§ TASK DETAILS:
Set down each line from the start of the material exactly, please, up to and including the one that contains "obtain N' where".

§ DATA SHOWN:
lemma low_equiv_if_splitting_chain:
  assumes below: "low_equiv_below K d n" and "balanced E W" and "size (blue W) = n"
    and "splitting_chain E W n"
  shows "low_equiv K E d (blue W) (red W)"
proof -
  obtain N S R \<Gamma>1 \<Gamma>2 \<Upsilon>1 \<Upsilon>2 where "N \<ge> 1"
    and steps: "\<And>i. i \<in> {1..N} \<Longrightarrow>
          blue_splitting_set_with E (chain_walk W \<Gamma>2 \<Upsilon>1 (i - 1)) (\<Gamma>1 i) (S i) (\<Gamma>2 i) \<and>
          red_splitting_set_with E (chain_walk W \<Gamma>2 \<Upsilon>1 (i - 1)) (\<Upsilon>1 i) (R i) (\<Upsilon>2 i) \<and>
          size (S i) < n \<and> size (R i) < n"
    and final: "S N \<inter># R N \<noteq> {#} \<or> (\<exists>T. proper_splitting_set E (chain_walk W \<Gamma>2 \<Upsilon>1 N) T)"
    using \<open>splitting_chain E W n\<close> unfolding splitting_chain_def by blast
  define X where "X i = chain_walk W \<Gamma>2 \<Upsilon>1 i" for i
  have X_Suc: "X (Suc i) = (blue (\<Gamma>2 (Suc i)), red (\<Upsilon>1 (Suc i)))" for i
    by (simp add: X_def chain_walk_def)
  have step: "blue_splitting_set_with E (X i) (\<Gamma>1 (Suc i)) (S (Suc i)) (\<Gamma>2 (Suc i))"
    "red_splitting_set_with E (X i) (\<Upsilon>1 (Suc i)) (R (Suc i)) (\<Upsilon>2 (Suc i))"
    "size (S (Suc i)) < n" "size (R (Suc i)) < n" if "i < N" for i
    using steps[of "Suc i"] that unfolding X_def by auto
  have inv: "balanced E (X i) \<and> size (blue (X i)) = n \<and>
      low_equiv K E d (blue W) (blue (X i)) \<and> low_equiv K E d (red W) (red (X i))" if "i \<le> N" for i
    using that
  proof (induction i)
    case 0
    then show ?case using assms by (simp add: X_def chain_walk_def low_equiv_refl)
  next
    case (Suc i)
    with low_equiv_chain_step[OF below _ _ step[of i]] show ?case
      by (auto simp: X_Suc intro: low_equiv_trans)
  qed
  obtain N' where "N = Suc N'" using \<open>N \<ge> 1\<close> by (cases N) auto
  have "S N \<subseteq># blue (X N)" "R N \<subseteq># red (X N)"
    using step(1,2)[of N'] \<open>N = Suc N'\<close>
    unfolding blue_splitting_set_with_def red_splitting_set_with_def
    by (auto simp: X_Suc dest: splitting_set_with_subset)
  with inv[of N] final have "low_equiv K E d (blue (X N)) (red (X N))"
    by (intro low_equiv_chain_end[OF below]) (auto simp: X_def)
  with inv[of N] show ?thesis by (meson low_equiv_sym low_equiv_trans order_refl)
qed

lemma low_equiv_if_not_primitive:
  assumes below: "low_equiv_below K d (size X)" and bal: "balanced E (X, Y)"
    and "\<not> primitive E (X, Y)"
  shows "low_equiv K E d X Y"
proof -
  obtain X' Y' where bal': "balanced E (X', Y')" and "(X', Y') \<noteq> ({#}, {#})"
    and "X' \<subset># X" "Y' \<subset># Y"
    using bal \<open>\<not> primitive E (X, Y)\<close> unfolding primitive_def by fastforce
  then have "X' \<noteq> {#}" and X': "X' \<subseteq># X" and Y': "Y' \<subseteq># Y"
    using empty_iff_if_balanced[OF bal'] by auto
  have "size X' < size X" using mset_subset_size[OF \<open>X' \<subset># X\<close>] .
  moreover have "size (X - X') < size X"
    using size_Diff_submset[OF X'] \<open>X' \<noteq> {#}\<close> \<open>size X' < size X\<close> by (simp add: nonempty_has_size)
  moreover have bal_rest: "balanced E (X - X', Y - Y')"
    using bal bal' X' Y' by (auto simp: balanced_pair_iff vdeg_minus dest: in_diffD)
  ultimately have "low_equiv K E d X' Y'" "low_equiv K E d (X - X') (Y - Y')"
    using bal' by (auto intro: low_equiv_belowD[OF below])
  then have "low_equiv K E d ((X - X') + X') ((X - X') + Y')"
    and "low_equiv K E d (Y' + (X - X')) (Y' + (Y - Y'))"
    using bal' bal_rest by (auto intro!: low_equiv_add_left simp: balanced_pair_iff)
  with X' Y' show ?thesis
    by (metis add.commute low_equiv_trans subset_mset.diff_add)
qed

lemma low_equiv_if_walks_split:
  assumes split: "long_primitive_walks_split E d" and "balanced E (X, Y)"
  shows "low_equiv K E d X Y"
  using assms(2)
proof (induction "size X" arbitrary: X Y rule: less_induct)
  case less
  have below: "low_equiv_below K d (size X)"
    using less.hyps unfolding low_equiv_below_def by blast
  have size_Y: "size Y = size X" using size_eq_if_balanced[OF less.prems] by simp
  consider "size X \<le> d" | "d < size X" "primitive E (X, Y)" | "\<not> primitive E (X, Y)"
    by linarith
  then show ?case
  proof cases
    case 1
    with less.prems show ?thesis by (rule low_equiv_if_small)
  next
    case 2
    with less.prems size_Y
    have "primitive E (X, Y) \<and> bsupp (X, Y) \<subseteq> E \<and> bsize (X, Y) = 2 * size X \<and> size X > d"
      by (simp add: bsize_def bsupp_def balanced_pair_iff)
    with split have "(\<exists>S. proper_splitting_set E (X, Y) S) \<or> splitting_chain E (X, Y) (size X)"
      unfolding long_primitive_walks_split_def by blast
    then show ?thesis
    proof
      assume "\<exists>S. proper_splitting_set E (X, Y) S"
      then obtain S \<Gamma>1 \<Gamma>2 where
        "reducible_with E (add_both (X, Y) S) \<Gamma>1 S \<Gamma>2" "proper_sep \<Gamma>1 S \<Gamma>2"
        unfolding proper_splitting_set_def splitting_set_with_def by blast
      then show ?thesis by (rule low_equiv_if_proper_separator[OF below less.prems refl])
    next
      assume "splitting_chain E (X, Y) (size X)"
      with low_equiv_if_splitting_chain[OF below less.prems] show ?thesis by simp
    qed
  next
    case 3
    with below less.prems show ?thesis by (rule low_equiv_if_not_primitive)
  qed
qed

lemma generated_if_walks_split:
  assumes "long_primitive_walks_split E d"
  shows "generated_in_degree_at_most E d TYPE('k::field)"
  unfolding generated_in_degree_at_most_def
proof (rule subset_antisym)
  show "toric_ideal E \<subseteq> (low_degree_ideal E d :: 'k tpoly set)"
    by (rule toric_ideal_subset_low_degree_ideal) (rule low_equiv_if_walks_split[OF assms])
qed (rule low_degree_ideal_subset_toric)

§ WRITTEN REPLY:
lemma low_equiv_if_splitting_chain:
  assumes below: "low_equiv_below K d n" and "balanced E W" and "size (blue W) = n"
    and "splitting_chain E W n"
  shows "low_equiv K E d (blue W) (red W)"
proof -
  obtain N S R \<Gamma>1 \<Gamma>2 \<Upsilon>1 \<Upsilon>2 where "N \<ge> 1"
    and steps: "\<And>i. i \<in> {1..N} \<Longrightarrow>
          blue_splitting_set_with E (chain_walk W \<Gamma>2 \<Upsilon>1 (i - 1)) (\<Gamma>1 i) (S i) (\<Gamma>2 i) \<and>
          red_splitting_set_with E (chain_walk W \<Gamma>2 \<Upsilon>1 (i - 1)) (\<Upsilon>1 i) (R i) (\<Upsilon>2 i) \<and>
          size (S i) < n \<and> size (R i) < n"
    and final: "S N \<inter># R N \<noteq> {#} \<or> (\<exists>T. proper_splitting_set E (chain_walk W \<Gamma>2 \<Upsilon>1 N) T)"
    using \<open>splitting_chain E W n\<close> unfolding splitting_chain_def by blast
  define X where "X i = chain_walk W \<Gamma>2 \<Upsilon>1 i" for i
  have X_Suc: "X (Suc i) = (blue (\<Gamma>2 (Suc i)), red (\<Upsilon>1 (Suc i)))" for i
    by (simp add: X_def chain_walk_def)
  have step: "blue_splitting_set_with E (X i) (\<Gamma>1 (Suc i)) (S (Suc i)) (\<Gamma>2 (Suc i))"
    "red_splitting_set_with E (X i) (\<Upsilon>1 (Suc i)) (R (Suc i)) (\<Upsilon>2 (Suc i))"
    "size (S (Suc i)) < n" "size (R (Suc i)) < n" if "i < N" for i
    using steps[of "Suc i"] that unfolding X_def by auto
  have inv: "balanced E (X i) \<and> size (blue (X i)) = n \<and>
      low_equiv K E d (blue W) (blue (X i)) \<and> low_equiv K E d (red W) (red (X i))" if "i \<le> N" for i
    using that
  proof (induction i)
    case 0
    then show ?case using assms by (simp add: X_def chain_walk_def low_equiv_refl)
  next
    case (Suc i)
    with low_equiv_chain_step[OF below _ _ step[of i]] show ?case
      by (auto simp: X_Suc intro: low_equiv_trans)
  qed
  obtain N' where "N = Suc N'" using \<open>N \<ge> 1\<close> by (cases N) auto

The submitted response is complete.